4. Hirshfeld surface analysis
The Hirshfeld surface analysis (Spackman & Jayatilaka, 2009) and the associated two-dimensional fingerprint plots (McKinnon et al., 2007) were performed using CrystalExplorer17 (Turner et al., 2017).
The Hirshfeld surfaces of compounds (I) and (II) mapped over dnorm are given in Fig. 6a and 6b, respectively. Views of the intermolecular contacts in the crystals are shown in Figs. 7 and 8, for compounds (I) and (II), respectively. They are colour-mapped with the normalized contact distance, dnorm, from red (distances shorter than the sum of the van der Waals radii) through white to blue (distances longer than the sum of the van der Waals radii). The blue region represents the positive electrostatic potential over the surface. The dnorm surface was mapped over a colour scale in arbitrary units of −0.156 (red) to 1.705 (blue) for compound (I) and −0.207 (red) to 1.206 (blue) for compound (II), where the red spots indicate the intermolecular contacts involved in the hydrogen bonding.
The two-dimensional fingerprint plots [Fig. 9 for (I) and Fig. 10 for (II)] are deconvoluted to highlight atom-pair close contacts by which different atomic types, overlapping the full fingerprint plot can be separated based on different interaction types. For compound (I), intermolecular H⋯H contacts of 40.4% (Fig. 9b) are the most significant, followed by 29.1% for O⋯H/H⋯O (Fig. 9c), 26.4% for C⋯H/H⋯C (Fig. 9d) and 3.1% for C⋯C (Fig. 9e) contacts. In contrast, for compound (II) the H⋯H contacts at 42.2% (Fig. 10b) make a slightly higher contribution than in (I), while the C⋯H/H⋯C contacts at 23.6% (Fig. 10d) make a slightly lower contribution than in (I). The O⋯H/H⋯O contacts (Fig. 10c) in both compounds are similar; 29.1% in (I) cf. 29.0% in (II).
5. Database survey
A search of the Cambridge Structure Database (CSD, Version 5.40, February 2019; Groom et al., 2016) for similar compounds gave one hit for 1,3-bis[(2-methoxyphenoxy)methyl]benzene (CSD refcode KACQEL; Bryan et al., 2003) but no hits for a 1,4-derivative. In KACQEL, the central benzene ring is inclined to the outer benzene rings by 67.60 (4) and 72.68 (6)°, while the outer benzene rings are inclined to each other by 69.61 (6)°. In compound (I), the central benzene ring is inclined to the outer benzene ring(s) by 36.74 (9)°, while the outer benzene rings are inclined to each other by 59.96 (10)°. In compound (II), the corresponding dihedral angles are 89.87 (2) and 0.0°, respectively.
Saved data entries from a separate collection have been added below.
theorem corollary3p5:
  fixes scaleR' :: "real \<Rightarrow> 'a::{ab_group_add,t2_space} \<Rightarrow> 'a"
    and scaleC' :: "complex \<Rightarrow> 'a \<Rightarrow> 'a"
  shows "(tvs scaleR' \<and> infinite_dimensional scaleR' \<and> dual_separates_points scaleR'
            \<longrightarrow> \<not> locally_connected_space (weak_star_hausdorff_hypertopology scaleR'))
       \<and> (tvs scaleC' \<and> infinite_dimensional scaleC' \<and> dual_separates_points scaleC'
            \<longrightarrow> \<not> locally_connected_space (weak_star_hausdorff_hypertopology scaleC'))"
  using hypertopology_not_locally_connected[of scaleR'] hypertopology_not_locally_connected[of scaleC']
  by (auto simp: tvs_def)

end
A search for 4-benzyloxy-3-methoxybenzaldehydes gave eight hits. Apart from 4-benzyloxy-3-methoxybenzaldehyde itself (vanillin benzyl ether: COBNUC; Gerkin, 1999), the other hits include the 4-nitrobenzyloxy derivative (VOHYUN; Li & Chen, 2008), the 4-fluorobenzyloxy derivative (POMQIT; Bernard-Gauthier & Schirrmacher, 2014) and the 4-chlorobenzyloxy derivative (WINROB; Liu et al., 2007). In VOHYUN, the 3-methoxybenzaldehyde ring is inclined to the 4-benzyloxy ring by 5.00 (11)°, while in COBNUC this dihedral angle is 78.11 (9)°. In POMQIT and WINROB, the corresponding dihedral angles are 69.02 (5) and 72.59 (19)°, respectively, similar to the values observed in KACQEL, viz. 67.60 (4) and 72.68 (6)°.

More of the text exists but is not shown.